Let me see if I'm understanding the criticism: when creating a consumer, the sync point of a new consumer really should start from the very beginning of the topic, at a predictable explicit start point, rather than at the current end of the topic. This makes a lot of sense, and yes, there is a disconnect between the models. We think the capabilities you are talking about are great and those use cases are important. All I can say is keep your eyes open.

We went with defaults from Google's internal use of Pub/Sub, which is older than the public release of Kinesis and Kafka. Internal use involves an approach where topics and consumers are very long-lived. Topics are high throughput, in terms of bytes published per unit time. Retaining all messages and starting consumers from the very beginning wasn't a sensible default; our focus was more centered on making sure that, once topics and consumers were set up, consumers could keep up over time.

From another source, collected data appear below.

lemma prob_space_gauss: "prob_space gauss"
  by (rule prob_space_normal_density) simp

lemma sets_gauss [measurable_cong]: "sets gauss = sets borel"
  by simp

lemma std_normal_density_le: "std_normal_density x \<le> 1 / 2"
proof -
  have "2 \<le> sqrt (2 * pi)"
    using real_sqrt_le_mono[of 4 "2 * pi"] pi_gt3 by simp
  then have "1 / sqrt (2 * pi) \<le> 1 / 2"
    by (simp add: divide_simps)
  moreover have "exp (- x\<^sup>2 / 2) \<le> 1"
    by simp
  ultimately show ?thesis
    unfolding std_normal_density_def using mult_mono[of "1 / sqrt (2 * pi)" "1 / 2" "exp (- x\<^sup>2 / 2)" 1]
    by simp
qed

lemma emeasure_gauss_near_le:
  assumes "r \<ge> 0"
  shows "emeasure gauss {x. \<bar>x - c\<bar> \<le> r} \<le> ennreal r"
proof -
  have "{x. \<bar>x - c\<bar> \<le> r} = {c - r .. c + r}"
    by (auto simp: abs_le_iff)
  then have "emeasure gauss {x. \<bar>x - c\<bar> \<le> r} =
      (\<integral>\<^sup>+x. ennreal (std_normal_density x) * indicator {c - r .. c + r} x \<partial>lborel)"
    by (subst emeasure_density) auto
  also have "\<dots> \<le> (\<integral>\<^sup>+x. ennreal (1 / 2) * indicator {c - r .. c + r} x \<partial>lborel)"
    using ennreal_leI[OF std_normal_density_le]
    by (intro nn_integral_mono) (auto split: split_indicator)
  also have "\<dots> = ennreal (1 / 2) * ennreal (2 * r)"
    using assms by (subst nn_integral_cmult_indicator) auto
  also have "\<dots> = ennreal r"
    using assms by (subst ennreal_mult[symmetric]) auto
  finally show ?thesis .
qed

lemma nn_integral_gauss_near_le:
  assumes K: "prob_space K" and c[measurable]: "c \<in> borel_measurable K" and r: "r \<ge> 0"
  shows "(\<integral>\<^sup>+x. emeasure K {y \<in> space K. \<bar>x - c y\<bar> \<le> r} \<partial>gauss) \<le> ennreal r"
proof -
  define A where "A = {z \<in> space (gauss \<Otimes>\<^sub>M K). \<bar>fst z - c (snd z)\<bar> \<le> r}"
  have A[measurable]: "A \<in> sets (gauss \<Otimes>\<^sub>M K)"
    unfolding A_def by measurable
  interpret pair_sigma_finite gauss K
    by (intro pair_sigma_finite.intro prob_space_imp_sigma_finite prob_space_gauss K)
  have slice: "(\<integral>\<^sup>+y. indicator A (x, y) \<partial>K) = emeasure K {y \<in> space K. \<bar>x - c y\<bar> \<le> r}" for x
  proof -
    have "(\<integral>\<^sup>+y. indicator A (x, y) \<partial>K) = (\<integral>\<^sup>+y. indicator {y \<in> space K. \<bar>x - c y\<bar> \<le> r} y \<partial>K)"
      by (rule nn_integral_cong) (auto simp: A_def space_pair_measure split: split_indicator)
    also have "\<dots> = emeasure K {y \<in> space K. \<bar>x - c y\<bar> \<le> r}"
      by (rule nn_integral_indicator) measurable
    finally show ?thesis .
  qed
  have "(\<integral>\<^sup>+x. emeasure K {y \<in> space K. \<bar>x - c y\<bar> \<le> r} \<partial>gauss) =
      (\<integral>\<^sup>+x. (\<integral>\<^sup>+y. indicator A (x, y) \<partial>K) \<partial>gauss)"
    unfolding slice ..
  also have "\<dots> = (\<integral>\<^sup>+y. (\<integral>\<^sup>+x. indicator A (x, y) \<partial>gauss) \<partial>K)"
    by (rule Fubini[symmetric]) (simp add: A)
  also have "\<dots> \<le> (\<integral>\<^sup>+y. ennreal r \<partial>K)"
  proof (rule nn_integral_mono)
    fix y assume y: "y \<in> space K"
    have "(\<integral>\<^sup>+x. indicator A (x, y) \<partial>gauss) = (\<integral>\<^sup>+x. indicator {x. \<bar>x - c y\<bar> \<le> r} x \<partial>gauss)"
      using y by (intro nn_integral_cong) (auto simp: A_def space_pair_measure split: split_indicator)
    also have "\<dots> = emeasure gauss {x. \<bar>x - c y\<bar> \<le> r}"
      by (rule nn_integral_indicator) simp
    also have "\<dots> \<le> ennreal r"
      by (rule emeasure_gauss_near_le[OF r])
    finally show "(\<integral>\<^sup>+x. indicator A (x, y) \<partial>gauss) \<le> ennreal r" .
  qed
  also have "\<dots> = ennreal r"
    using prob_space.emeasure_space_1[OF K] by simp
  finally show ?thesis .
qed

section \<open>Spin configurations on the cube\<close>

lemma finite_cube: "finite (cube L :: 'd::finite vertex set)"
proof -
  have "cube L \<subseteq> (\<lambda>f. \<chi> i. f i) ` (PiE UNIV (\<lambda>_::'d. {-L..L}))"
  proof
    fix x :: "'d vertex"
    assume "x \<in> cube L"
    then have "(\<lambda>i. x $ i) \<in> PiE UNIV (\<lambda>_. {-L..L})"
      unfolding cube_def by (auto simp: abs_le_iff minus_le_iff)
    then show "x \<in> (\<lambda>f. \<chi> i. f i) ` (PiE UNIV (\<lambda>_::'d. {-L..L}))"
      by (intro image_eqI[where x="\<lambda>i. x $ i"]) auto
  qed
  then show ?thesis
    by (rule finite_subset) (intro finite_imageI finite_PiE; simp)
qed

lemma finite_LStar: "finite (LStar L :: 'd::finite edge set)"
proof (rule finite_subset)
  show "LStar L \<subseteq> Pow (cube L :: 'd vertex set)"
    by (auto simp: LStar_def edges_in_def)
qed (simp add: finite_cube)

lemma LStar_subset_all_edges: "LStar L \<subseteq> all_edges"
  by (auto simp: LStar_def all_edges_def edges_in_def)

lemma LStar_nonempty:
  assumes "L \<ge> 1"
  shows "LStar L \<noteq> ({} :: 'd::finite edge set)"
proof -
  obtain i0 :: 'd where True by blast
  define y :: "'d vertex" where "y = (\<chi> i. if i = i0 then 1 else 0)"
  have "nn 0 y"
    unfolding nn_def y_def by (simp add: if_distrib[of abs] cong: if_cong)
  moreover have "0 \<in> cube L" "y \<in> cube L"
    using assms by (auto simp: cube_def y_def)
  ultimately have "{0, y} \<in> LStar L"
    by (auto simp: LStar_def edges_in_def)
  then show ?thesis by auto
qed

lemma SL_outside: "\<eta> \<in> SL L \<Longrightarrow> e \<notin> LStar L \<Longrightarrow> \<eta> e = 0"
  by (auto simp: SL_def edge_config_def)

lemma SL_inside:
  assumes "\<eta> \<in> SL L" "e \<in> LStar L"
  shows "\<eta> e \<in> {-1, 1}"
proof -
  obtain s where s: "\<eta> = edge_config L s" "\<forall>x\<in>cube L. s x \<in> {-1, 1}"
    using assms(1) by (auto simp: SL_def)
  obtain x y where "e = {x, y}" "x \<in> cube L" "y \<in> cube L"
    using assms(2) by (auto simp: LStar_def edges_in_def)
  then have "prod s e \<in> {-1, 1}"
    using s by (intro prod_in_plus_minus_one) auto
  then show ?thesis
    using s assms(2) by (simp add: edge_config_def)
qed

lemma finite_SL: "finite (SL L :: 'd::finite edge_cfg set)"
proof (rule finite_subset)
  show "SL L \<subseteq> {f. \<forall>e. (e \<in> LStar L \<longrightarrow> f e \<in> {-1, 1}) \<and> (e \<notin> LStar L \<longrightarrow> f e = 0)}"
    using SL_inside SL_outside by blast
qed (intro finite_set_of_finite_funs finite_LStar; simp)

lemma SL_fibre_nonempty:
  assumes b: "b \<in> LStar L" and s: "s \<in> {-1, 1::real}"
  shows "{\<eta>\<in>SL L. \<eta> b = s} \<noteq> {}"
proof -
  obtain x y where xy: "b = {x, y}" "nn x y"
    using b by (auto simp: LStar_def edges_in_def)
  then have "x \<noteq> y" by (auto simp: nn_def)
  define \<sigma> where "\<sigma> z = (if z = x then s else 1)" for z
  have "\<forall>z\<in>cube L. \<sigma> z \<in> {-1, 1}"
    using s by (simp add: \<sigma>_def)
  then have "edge_config L \<sigma> \<in> SL L"
    unfolding SL_def by blast
  moreover have "edge_config L \<sigma> b = s"
    using b xy \<open>x \<noteq> y\<close> by (simp add: edge_config_def \<sigma>_def)
  ultimately show ?thesis by blast
qed

lemma finite_SL_fibre: "finite {\<eta>\<in>SL L. \<eta> b = s}"
  by (rule finite_subset[OF _ finite_SL]) auto

definition all_plus :: "int \<Rightarrow> 'd::finite edge_cfg" where
  "all_plus L = edge_config L (\<lambda>_. 1)"

lemma all_plus_in_SL: "all_plus L \<in> SL L"
  by (auto simp: all_plus_def SL_def)

section \<open>Energies and the flexibility\<close>

definition energy :: "int \<Rightarrow> ('d::finite edge \<Rightarrow> real) \<Rightarrow> 'd evec \<Rightarrow> 'd edge_cfg \<Rightarrow> real" where
  "energy L J E \<eta> = Ham L J \<eta> - E (all_plus L, \<eta>)"

definition energy_off :: "int \<Rightarrow> 'd::finite edge \<Rightarrow> ('d edge \<Rightarrow> real) \<Rightarrow> 'd evec \<Rightarrow> 'd edge_cfg \<Rightarrow> real" where
  "energy_off L b J E \<eta> = - (\<Sum>e\<in>LStar L - {b}. J e * \<eta> e) - E (all_plus L, \<eta>)"

definition min_energy_off :: "int \<Rightarrow> 'd::finite edge \<Rightarrow> real \<Rightarrow> ('d edge \<Rightarrow> real) \<Rightarrow> 'd evec \<Rightarrow> real" where
  "min_energy_off L b s J E = Min (energy_off L b J E ` {\<eta>\<in>SL L. \<eta> b = s})"

definition flex_centre :: "int \<Rightarrow> 'd::finite edge \<Rightarrow> ('d edge \<Rightarrow> real) \<Rightarrow> 'd evec \<Rightarrow> real" where
  "flex_centre L b J E = (min_energy_off L b 1 J E - min_energy_off L b (-1) J E) / 2"

lemma Ecocycle_eq_diff:
  "Ecocycle L E \<Longrightarrow> \<eta> \<in> SL L \<Longrightarrow> \<eta>' \<in> SL L \<Longrightarrow>
    E (\<eta>, \<eta>') = E (all_plus L, \<eta>') - E (all_plus L, \<eta>)"
  using all_plus_in_SL[of L] unfolding Ecocycle_def by (metis add_diff_cancel_left')

lemma prec_iff_energy_less:
  "Ecocycle L E \<Longrightarrow> \<eta> \<in> SL L \<Longrightarrow> \<eta>' \<in> SL L \<Longrightarrow>
    prec L E J \<eta> \<eta>' \<longleftrightarrow> energy L J E \<eta> < energy L J E \<eta>'"
  using Ecocycle_eq_diff[of L E \<eta> \<eta>'] unfolding prec_def energy_def by auto

lemma sum_coupling_diff: "(\<Sum>e\<in>LStar L. J e * (\<eta> e - \<eta>' e)) = Ham L J \<eta>' - Ham L J \<eta>"
  unfolding Ham_def by (simp add: right_diff_distrib sum_subtractf)

lemma energy_inj_on_SL:
  assumes "Ecocycle L E" "J \<notin> critical L E"
  shows "inj_on (energy L J E) (SL L)"
proof (rule inj_onI, rule ccontr)
  fix \<eta> \<eta>'
  assume h: "\<eta> \<in> SL L" "\<eta>' \<in> SL L" "energy L J E \<eta> = energy L J E \<eta>'" "\<eta> \<noteq> \<eta>'"
  then have "(\<Sum>e\<in>LStar L. J e * (\<eta> e - \<eta>' e)) = E (\<eta>, \<eta>')"
    using Ecocycle_eq_diff[OF assms(1) h(1,2)] unfolding sum_coupling_diff energy_def by simp
  then show False
    using assms(2) h unfolding critical_def by blast
qed

lemma energy_split: "b \<in> LStar L \<Longrightarrow> energy L J E \<eta> = - J b * \<eta> b + energy_off L b J E \<eta>"
  unfolding energy_def energy_off_def Ham_def by (simp add: sum.remove[OF finite_LStar])

lemma energy_off_fun_upd: "energy_off L b (J(b := x)) E = energy_off L b J E"
  unfolding energy_off_def by (auto intro!: sum.cong)

lemma flex_centre_fun_upd: "flex_centre L b (J(b := x)) E = flex_centre L b J E"
  unfolding flex_centre_def min_energy_off_def energy_off_fun_upd ..

lemma Min_energy_fibre:
  assumes b: "b \<in> LStar L" and s: "s \<in> {-1, 1}"
  shows "Min (energy L J E ` {\<eta>\<in>SL L. \<eta> b = s}) = - J b * s + min_energy_off L b s J E"
proof -
  let ?A = "{\<eta>\<in>SL L. \<eta> b = s}"
  have "energy L J E ` ?A = (\<lambda>t. - J b * s + t) ` (energy_off L b J E ` ?A)"
    using energy_split[OF b] by (auto simp: image_image intro!: image_cong)
  also have "Min \<dots> = - J b * s + Min (energy_off L b J E ` ?A)"
    using finite_SL_fibre SL_fibre_nonempty[OF b s]
    by (intro mono_Min_commute[symmetric]) (auto simp: mono_def)
  finally show ?thesis by (simp add: min_energy_off_def)
qed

One example use case to help illustrate this thinking is doing real-time sentiment analysis on tweets: https://www.youtube.com/watch?v=O3mfuc-syTI

In the work described by that video, they were essentially publishing tweets in real time into a Cloud Pub/Sub topic, thus making an "all tweets on Twitter in realtime" topic. This is a great example of a topic where producers and consumers are completely decoupled from each other. It doesn't necessarily make sense to retain all tweets forever by default (although there certainly are use cases for that). There are plenty of use cases where a consumer might want to say "ok, please start retaining all tweets made from here on out" rather than starting from a specific tweet.


Thanks for the detailed explanation jganetsk.

> when creating a consumer, the sync point of a new consumer really should start from the very beginning of the topic, at a predictable explicit start point, rather than at the current end of the topic

I'll talk about Kinesis because that's the technology we use more at Snowplow. When creating a Kinesis consumer, I can specify whether I want to start reading from a) TRIM_HORIZON (which is the earliest events in the stream which haven't yet been expired aka "trimmed"), b) LATEST which is the Cloud Pub/Sub capability, c) AT_SEQUENCE_NUMBER {x} which means from the event in the stream with the given offset ID or d) AFTER_SEQUENCE_NUMBER {x} which is the event immediately after c).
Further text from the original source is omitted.